#### EXERCISE BRIEF
Every line of the records below that holds the word "open" belongs in the answer.
________________________
lemma edge_charge_sum_nonpos:
  assumes "e \<in> E"
  shows "(\<Sum>w\<in>ends e. edge_charge S w e) \<le> 0"
proof -
  obtain w where w: "w \<in> ends e"
    using card_ends[OF assms] by fastforce
  have "(\<Sum>w\<in>ends e. edge_charge S w e) = edge_charge S w e + edge_charge S (other e w) e"
    using ends_eq_other[OF assms w] other_neq[OF assms w] by simp
  then show ?thesis
    using other_other[OF assms w] by (auto simp: edge_charge_def)
qed

definition outer_in :: "('v \<times> nat) set \<Rightarrow> 'v \<Rightarrow> nat set" where
  "outer_in S w = att w ` {e\<in>incident w. (other e w, att (other e w) e) \<in> S}"

lemma att_in_outer_in_iff:
  "w \<in> V \<Longrightarrow> e \<in> incident w \<Longrightarrow> att w e \<in> outer_in S w \<longleftrightarrow> (other e w, att (other e w) e) \<in> S"
  by (auto simp: outer_in_def dest: att_inj)

lemma dissociation_set_in_gadget:
  assumes S: "dissociation_set G_verts G_adj S" and w: "w \<in> V" and i: "(w, i) \<in> S"
  shows "card {j. (w, j) \<in> S \<and> gadget_adj (deg w) (gtype w) i j} + of_bool (i \<in> outer_in S w) \<le> 1"
proof -
  let ?N = "{q\<in>S. G_adj (w, i) q}"
  let ?inner = "Pair w ` {j. (w, j) \<in> S \<and> gadget_adj (deg w) (gtype w) i j}"
  have "card ?N \<le> 1"
    using S i by (auto simp: dissociation_set_def)
  have finite_N: "finite ?N"
    using S finite_G_verts by (auto simp: dissociation_set_def intro: finite_subset)
  have inner: "?inner \<subseteq> ?N"
    by (auto simp: GA_def)
  have card_inner: "card ?inner = card {j. (w, j) \<in> S \<and> gadget_adj (deg w) (gtype w) i j}"
    by (rule card_image) (auto simp: inj_on_def)
  show ?thesis
  proof (cases "i \<in> outer_in S w")
    case True
    then obtain e where e: "e \<in> incident w" "i = att w e" "(other e w, att (other e w) e) \<in> S"
      by (auto simp: outer_in_def)
    let ?p = "(other e w, att (other e w) e)"
    have "?p \<in> across w i"
      using e by (auto simp: across_def)
    then have "?p \<in> ?N"
      using e(3) G_adj_iff[OF w] by auto
    have "other e w \<noteq> w"
      using other_neq[of e w] e(1) by simp
    then have "?p \<notin> ?inner"
      by auto
    have "insert ?p ?inner \<subseteq> ?N"
      using \<open>?p \<in> ?N\<close> inner by (rule insert_subsetI)
    then have "card (insert ?p ?inner) \<le> card ?N"
      by (rule card_mono[OF finite_N])
    then have "card (insert ?p ?inner) \<le> 1"
      using \<open>card ?N \<le> 1\<close> by linarith
    moreover have "finite ?inner"
      using finite_N inner by (rule finite_subset[rotated])
    ultimately show ?thesis
      using True card_inner \<open>?p \<notin> ?inner\<close> by simp
  next
    case False
    then show ?thesis
      using card_mono[OF finite_N inner] \<open>card ?N \<le> 1\<close> card_inner by simp
  qed
qed

lemma gadget_charge_bound:
  assumes S: "dissociation_set G_verts G_adj S" and w: "w \<in> V"
  shows "3 * int (card {i. (w, i) \<in> S}) \<le> 5 * (4 - int (deg w)) + (\<Sum>e\<in>incident w. edge_charge S w e)"
proof -
  define Sw where "Sw = {i. (w, i) \<in> S}"
  have "3 * int (card Sw) \<le> 5 * (4 - int (deg w)) + (\<Sum>i\<in>attach_verts (deg w). attach_charge Sw (outer_in S w) i)"
  proof (rule gadget_dissociation_charge_bound[OF deg_in_123[OF w]])
    show "Sw \<subseteq> gadget_verts (deg w)"
      using S by (auto simp: Sw_def GV_def dissociation_set_def)
    show "outer_in S w \<subseteq> attach_verts (deg w)"
      using att_in_attach_verts[OF w] by (auto simp: outer_in_def)
    show "\<forall>i\<in>Sw. card {j\<in>Sw. gadget_adj (deg w) (gtype w) i j} + of_bool (i \<in> outer_in S w) \<le> 1"
      using dissociation_set_in_gadget[OF S w] by (simp add: Sw_def)
  qed
  also have "(\<Sum>i\<in>attach_verts (deg w). attach_charge Sw (outer_in S w) i)
      = (\<Sum>e\<in>incident w. attach_charge Sw (outer_in S w) (att w e))"
    by (rule sum.reindex_bij_betw[symmetric, OF att_bij[OF w]])
  also have "\<dots> = (\<Sum>e\<in>incident w. edge_charge S w e)"
    using att_in_outer_in_iff[OF w]
    by (intro sum.cong) (auto simp: attach_charge_def edge_charge_def Sw_def)
  finally show ?thesis
    unfolding Sw_def .
qed

lemma dissociation_card_le:
  assumes "dissociation_set G_verts G_adj S"
  shows "card S \<le> 10 * k"
proof -
  have "3 * int (card S) = (\<Sum>w\<in>V. 3 * int (card {i. (w, i) \<in> S}))"
    using card_eq_sum_fibres assms by (simp add: dissociation_set_def sum_distrib_left)
  also have "\<dots> \<le> (\<Sum>w\<in>V. 5 * (4 - int (deg w)) + (\<Sum>e\<in>incident w. edge_charge S w e))"
    using gadget_charge_bound[OF assms] by (rule sum_mono)
  also have "\<dots> = 5 * (\<Sum>w\<in>V. 4 - int (deg w)) + (\<Sum>w\<in>V. \<Sum>e\<in>incident w. edge_charge S w e)"
    by (simp add: sum.distrib sum_distrib_left)
  also have "\<dots> = 30 * int k + (\<Sum>w\<in>V. \<Sum>e\<in>incident w. edge_charge S w e)"
    by (simp add: sum_weights)
  also have "(\<Sum>w\<in>V. \<Sum>e\<in>incident w. edge_charge S w e) = (\<Sum>e\<in>E. \<Sum>w\<in>ends e. edge_charge S w e)"
    by (rule sum_incident_swap)
  also have "\<dots> \<le> 0"
    using edge_charge_sum_nonpos by (rule sum_nonpos)
  finally show ?thesis
    by simp
qed

text \<open>An edge kept at both of its ends lies in \<open>M\<close>, since it has only one tail.\<close>

definition kept_edges :: "'v \<Rightarrow> 'e set" where
  "kept_edges w = (if w \<in> matched then {e\<in>M. w \<in> ends e} else {e\<in>E - M. tail e = w})"

definition diss_part :: "'v \<Rightarrow> nat set" where
  "diss_part w = gadget_core (deg w) \<union> att w ` kept_edges w"

definition G_diss :: "('v \<times> nat) set" where
  "G_diss = {(w, i). w \<in> V \<and> i \<in> diss_part w}"

lemma kept_edges_subset: "kept_edges w \<subseteq> incident w"
  using M_subset tail_in_ends by (auto simp: kept_edges_def)

lemma kept_edge_not_in_M: "e \<notin> M \<Longrightarrow> e \<in> kept_edges w \<Longrightarrow> w \<notin> matched \<and> tail e = w"
  by (auto simp: kept_edges_def split: if_splits)

lemma card_kept_edges:
  assumes "w \<in> V"
  shows "card (kept_edges w) = (if w \<in> matched then 1 else 2)"
proof (cases "w \<in> matched")
  case True
  then obtain e where "e \<in> M" "w \<in> ends e"
    by blast
  then have "{e\<in>M. w \<in> ends e} = {e}"
    using matching_edge_unique by blast
  then show ?thesis
    using True by (simp add: kept_edges_def)
next
  case False
  then show ?thesis
    using outdeg_unmatched assms by (simp add: kept_edges_def)
qed

lemma att_kept_edges:
  assumes "w \<in> V"
  shows "att w ` kept_edges w \<subseteq> attach_verts (deg w)" "card (att w ` kept_edges w) = card (kept_edges w)"
proof -
  show "att w ` kept_edges w \<subseteq> attach_verts (deg w)"
    using att_in_attach_verts[OF assms] kept_edges_subset by blast
  have "inj_on (att w) (kept_edges w)"
    using att_inj[OF assms] kept_edges_subset by (meson inj_onI subsetD)
  then show "card (att w ` kept_edges w) = card (kept_edges w)"
    by (rule card_image)
qed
________________________
#### SOLUTION TO THE EXERCISE
      using \<open>?p \<in> ?N\<close> inner by (rule insert_subsetI)
      using \<open>card ?N \<le> 1\<close> by linarith
      using True card_inner \<open>?p \<notin> ?inner\<close> by simp
      using card_mono[OF finite_N inner] \<open>card ?N \<le> 1\<close> card_inner by simp
text \<open>An edge kept at both of its ends lies in \<open>M\<close>, since it has only one tail.\<close>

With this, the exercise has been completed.